Dive Brief:
- United Natural Foods, Inc. (UNFI) is consolidating its distribution center network in the Pacific Northwest in an effort to optimize food distribution, increase efficiency and optimize route planning.
- The plan calls for the construction of a 1.2 million-square-foot distribution center in Centralia, Wash., and the expansion of its Ridgefield, Wash. facility to nearly 800,000 square feet. Once construction is complete, UNFI will close warehouses in Portland, Ore.; Tacoma, Wash.; and Auburn, Wash. as well as reduce its dependency on outside storage and third-party logistics providers in the region.
- Both the Centralia and Ridgefield facilities are expected to be up and running in the second half of 2019, with the full transition of retail customers completed in early 2020.
Dive Insight:
The decision to consolidate its distribution facilities is part of a larger strategy by UNFI to get a wider range of products to its retail customers, and to make supply processes more efficient across its combined operations with recently acquired Supervalu. UNFI currently operates 60 distribution centers — 27 of which came with the acquisition.

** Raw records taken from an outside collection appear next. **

lemma corr_translation_defect:
  assumes g: "g \<in> carrier G" and a: "cmod a = 1" and unit: "l2sq G \<xi> = 1"
  shows "(\<Sum>y\<in>carrier G. l2sq G (\<lambda>h. corr \<xi> y h - corr \<xi> y (inv g \<otimes> h)))
     \<le> 4 * l2sq G (\<lambda>h. lreg G g \<xi> h - a * \<xi> h)"
proof -
  define g' where "g' = inv g"
  have g': "g' \<in> carrier G" using g g'_def by simp
  define d where "d = (\<lambda>h. \<xi> (g' \<otimes> h) - a * \<xi> h)"
  define H where "H = (\<lambda>h k. (cmod (\<xi> h * cnj (\<xi> k) - \<xi> (g' \<otimes> h) * cnj (\<xi> (g' \<otimes> k))))\<^sup>2)"
  have a_cnj: "a * cnj a = 1"
    using a by (metis complex_norm_square of_real_1 power_one)
  have "(\<Sum>y\<in>carrier G. l2sq G (\<lambda>h. corr \<xi> y h - corr \<xi> y (inv g \<otimes> h)))
      = (\<Sum>h\<in>carrier G. \<Sum>y\<in>carrier G. H h (h \<otimes> y))"
    unfolding l2sq_def
    by (subst sum.swap) (auto simp: H_def corr_def g'_def m_assoc g intro!: sum.cong)
  also have "\<dots> = (\<Sum>h\<in>carrier G. \<Sum>k\<in>carrier G. H h k)"
    by (intro sum.cong refl sum_left_translate)
  also have "\<dots> \<le> (\<Sum>h\<in>carrier G. \<Sum>k\<in>carrier G.
      2 * (cmod (d h))\<^sup>2 * (cmod (\<xi> (g' \<otimes> k)))\<^sup>2 + 2 * (cmod (\<xi> h))\<^sup>2 * (cmod (d k))\<^sup>2)"
  proof (intro sum_mono)
    fix h k
    have "\<xi> h * cnj (\<xi> k) - \<xi> (g' \<otimes> h) * cnj (\<xi> (g' \<otimes> k))
       = - (d h * cnj (\<xi> (g' \<otimes> k)) + a * \<xi> h * cnj (d k))"
      unfolding d_def using a_cnj by (simp add: algebra_simps)
    hence "H h k \<le> 2 * (cmod (d h * cnj (\<xi> (g' \<otimes> k))))\<^sup>2 + 2 * (cmod (a * \<xi> h * cnj (d k)))\<^sup>2"
      unfolding H_def norm_minus_cancel by (metis cmod_sum_sq_le norm_minus_cancel)
    thus "H h k \<le> 2 * (cmod (d h))\<^sup>2 * (cmod (\<xi> (g' \<otimes> k)))\<^sup>2 + 2 * (cmod (\<xi> h))\<^sup>2 * (cmod (d k))\<^sup>2"
      by (simp add: norm_mult a power_mult_distrib)
  qed
  also have "\<dots> = 2 * l2sq G d * l2sq G (\<lambda>k. \<xi> (g' \<otimes> k)) + 2 * l2sq G \<xi> * l2sq G d"
    unfolding sum.distrib l2sq_def
    by (simp add: sum_product[symmetric] sum_distrib_left[symmetric] sum_distrib_right[symmetric] mult.assoc)
  also have "\<dots> = 4 * l2sq G d"
    using l2sq_left_translate[OF g'] unit by simp
  finally show ?thesis
    by (simp add: lreg_def d_def g'_def)
qed

end

context averaging
begin
lemma indep_poly_image:
  assumes inj: "inj_on f V" and adj: "\<And>x y. x \<in> V \<Longrightarrow> y \<in> V \<Longrightarrow> E' (f x) (f y) \<longleftrightarrow> E x y"
  shows "indep_poly (f ` V) E' z = indep_poly V E z"
proof -
  have indep_iff: "independent_set E' (f ` S) \<longleftrightarrow> independent_set E S" if "S \<subseteq> V" for S
  proof -
    have "(\<forall>x\<in>S. \<forall>y\<in>S. \<not> E' (f x) (f y)) \<longleftrightarrow> (\<forall>x\<in>S. \<forall>y\<in>S. \<not> E x y)"
      using that adj by (meson subsetD)
    then show ?thesis unfolding independent_set_def by simp
  qed
  have "indep_sets (f ` V) E' = image f ` indep_sets V E"
  proof (intro equalityI subsetI)
    fix S' assume "S' \<in> indep_sets (f ` V) E'"
    then obtain S where "S \<subseteq> V" "S' = f ` S" "independent_set E' (f ` S)"
      unfolding indep_sets_def by (auto simp: subset_image_iff)
    then show "S' \<in> image f ` indep_sets V E"
      unfolding indep_sets_def by (auto simp: indep_iff)
  next
    fix S' assume "S' \<in> image f ` indep_sets V E"
    then obtain S where "S \<subseteq> V" "S' = f ` S" "independent_set E S"
      unfolding indep_sets_def by auto
    then show "S' \<in> indep_sets (f ` V) E'"
      unfolding indep_sets_def by (auto simp: indep_iff)
  qed
  moreover have "inj_on (image f) (indep_sets V E)"
    using inj_on_image_Pow[OF inj] by (rule inj_on_subset) (auto simp: indep_sets_def)
  moreover have "card (f ` S) = card S" if "S \<in> indep_sets V E" for S
    using that inj by (intro card_image) (auto simp: indep_sets_def intro: inj_on_subset)
  ultimately show ?thesis
    by (simp add: indep_poly_altdef sum.reindex)
qed
text \<open>Galvin's theorem drives the first two parts: for a cover \<open>\<Omega> = Y\<^sub>1 \<union> Y\<^sub>2\<close> with infinite
  overlap and infinite differences, every permutation is a product of permutations of \<open>Y\<^sub>1\<close> and
  of \<open>Y\<^sub>2\<close>; each of these is conjugate to a permutation of one fixed infinite, coinfinite set,
  and countably many permutations of that set are commutators of one fixed permutation with
  conjugates of another by powers of a third. So every countable subgroup lies in a finitely
  generated one and is \<open>\<approx> {1}\<close>, whereas anything \<open>\<preccurlyeq>\<close> a countable group is countable and \<open>S_(A)\<close>
  contains uncountably many products of transpositions inside distinct blocks.

  \<open>G_(\<Gamma>) = {1}\<close> says that elements of \<open>G\<close> are determined by their restriction to \<open>\<Gamma>\<close>,
  which makes \<open>G\<close> countable, closed and discrete. Conversely, in a countable closed \<open>G\<close>
  without such a finite \<open>\<Gamma>\<close> one can always perturb an element away from a prescribed one
  while fixing it (and its inverse) on a finite set; iterating along an enumeration of \<open>G\<close>
  yields a limit in \<open>G\<close> that differs from every element of \<open>G\<close>.\<close>

section \<open>The symmetric group\<close>

unbundle no m_inv_syntax \<comment> \<open>so that \<open>inv\<close> is the inverse function, not the group inverse\<close>

lemma carrier_SymG: "carrier SymG = {f. bij f}"
  unfolding SymG_def BijGroup_def Bij_def by auto

lemma group_SymG: "group SymG"
  unfolding SymG_def by (rule group_BijGroup)

lemma one_SymG: "\<one>\<^bsub>SymG\<^esub> = id"
  unfolding SymG_def BijGroup_def by auto

lemma mult_SymG: "bij f \<Longrightarrow> bij g \<Longrightarrow> f \<otimes>\<^bsub>SymG\<^esub> g = f \<circ> g"
  unfolding SymG_def BijGroup_def Bij_def compose_def by auto

lemma inv_SymG:
  assumes "bij f"
  shows "m_inv SymG f = inv f"
proof (rule group.inv_equality[OF group_SymG])
  show "inv f \<otimes>\<^bsub>SymG\<^esub> f = \<one>\<^bsub>SymG\<^esub>"
    using assms by (simp add: mult_SymG one_SymG bij_imp_bij_inv bij_is_inj)
qed (use assms in \<open>simp_all add: carrier_SymG bij_imp_bij_inv\<close>)

context
  fixes G :: "('a \<Rightarrow> 'a) set"
  assumes G: "subgroup G SymG"
begin

lemma subgroup_SymG_bij: "g \<in> G \<Longrightarrow> bij g"
  using subgroup.subset[OF G] by (auto simp: carrier_SymG)

lemma subgroup_SymG_comp: "g \<in> G \<Longrightarrow> h \<in> G \<Longrightarrow> g \<circ> h \<in> G"
  by (metis subgroup.m_closed[OF G] mult_SymG subgroup_SymG_bij)

lemma subgroup_SymG_inv: "g \<in> G \<Longrightarrow> inv g \<in> G"
  by (metis subgroup.m_inv_closed[OF G] inv_SymG subgroup_SymG_bij)

lemma subgroup_SymG_id: "id \<in> G"
  by (metis subgroup.one_closed[OF G] one_SymG)

end

lemma subgroup_generate_SymG: "K \<subseteq> carrier SymG \<Longrightarrow> subgroup (generate SymG K) SymG"
  by (rule group.generate_is_subgroup[OF group_SymG])

lemma generate_SymG_subset_words:
  assumes K: "K \<subseteq> carrier SymG"
  shows "generate SymG K \<subseteq> (\<lambda>fs. foldr (\<circ>) fs id) ` lists (K \<union> inv ` K)"
proof
  have foldr_comp: "foldr (\<circ>) fs g = foldr (\<circ>) fs id \<circ> g" for fs and g :: "'a \<Rightarrow> 'a"
    by (induction fs) auto
  fix h assume "h \<in> generate SymG K"
  then show "h \<in> (\<lambda>fs. foldr (\<circ>) fs id) ` lists (K \<union> inv ` K)"
  proof induction
    case one
    show ?case by (rule image_eqI[of _ _ "[]"]) (simp_all add: one_SymG)
  next
    case (incl h)
    then show ?case by (intro image_eqI[of _ _ "[h]"]) auto
  next
    case (inv h)
    then have "m_inv SymG h = inv h"
      using K by (simp add: inv_SymG carrier_SymG subset_iff)
    with inv show ?case by (intro image_eqI[of _ _ "[inv h]"]) auto
  next
    case (eng h1 h2)
    then obtain fs gs where "fs \<in> lists (K \<union> inv ` K)" "gs \<in> lists (K \<union> inv ` K)"
      "h1 = foldr (\<circ>) fs id" "h2 = foldr (\<circ>) gs id"
      by blast
    moreover have "h1 \<otimes>\<^bsub>SymG\<^esub> h2 = h1 \<circ> h2"
      using eng.hyps subgroup_SymG_bij[OF subgroup_generate_SymG[OF K]] by (simp add: mult_SymG)
    moreover have "foldr (\<circ>) (fs @ gs) id = foldr (\<circ>) fs id \<circ> foldr (\<circ>) gs id"
      by (simp only: foldr_append foldr_comp[of fs "foldr (\<circ>) gs id"])
    ultimately have "h1 \<otimes>\<^bsub>SymG\<^esub> h2 = foldr (\<circ>) (fs @ gs) id"
      by (simp only:)
    with \<open>fs \<in> lists _\<close> \<open>gs \<in> lists _\<close> show ?case
      by (metis append_in_lists_conv image_eqI)
  qed
qed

With the revamp of its Pacific Northwest distribution network, UNFI kicks off a plan to divide the company’s operations among fast- and slow-moving mainstream groceries and fresh foods, with the goal of linking facilities that handle fast-moving goods with larger ones that handle slower-moving products. The expanded Ridgefield, Wash. facility will provide capacity for the company’s growing customer base in the natural, organic and specialty channel.
By streamlining its various systems along with supplier agreements and its distribution network, UNFI plans to see $185 million in annual cost synergies by 2022.
"The construction of Centralia and expansion of our Ridgefield facility represents the first significant step in our optimization of UNFI's DC network following the acquisition of Supervalu, allowing us to better serve all our customers throughout the Pacific Northwest,” Steve Spinner, UNFI's chairman and CEO, said in a statement. "These are two tremendous facilities that, once complete, will provide a great working environment for our associates, an improved and efficient layout for inventory management, optimized logistics route planning, and an ability to help us deliver on the long-term synergy goals we outlined as a part of the Supervalu acquisition."
In addition, UNFI plans to boost its investments in automation. Facilities in Southern California and Pennsylvania currently use automated picking systems to prepare orders, and Mario Adamy, national vice president of warehousing and automation for UNFI, said during the company's recent analyst day that it aims to spread that technology across its network. The facility in Ridgefield will deploy a warehouse automation solution that supports its slow-moving SKU assortment.
UNFI’s acquisition of Supervalu has not been without challenges. The company reported earnings well below what analysts predicted for the first fiscal quarter of 2019, citing Supervalu's soft performance as one factor. The company’s stock price has dropped nearly 50% in the past three months and last week, UNFI sued Goldman Sachs, claiming the investment bank put its own interests ahead of its client’s in securing a loan for the acquisition.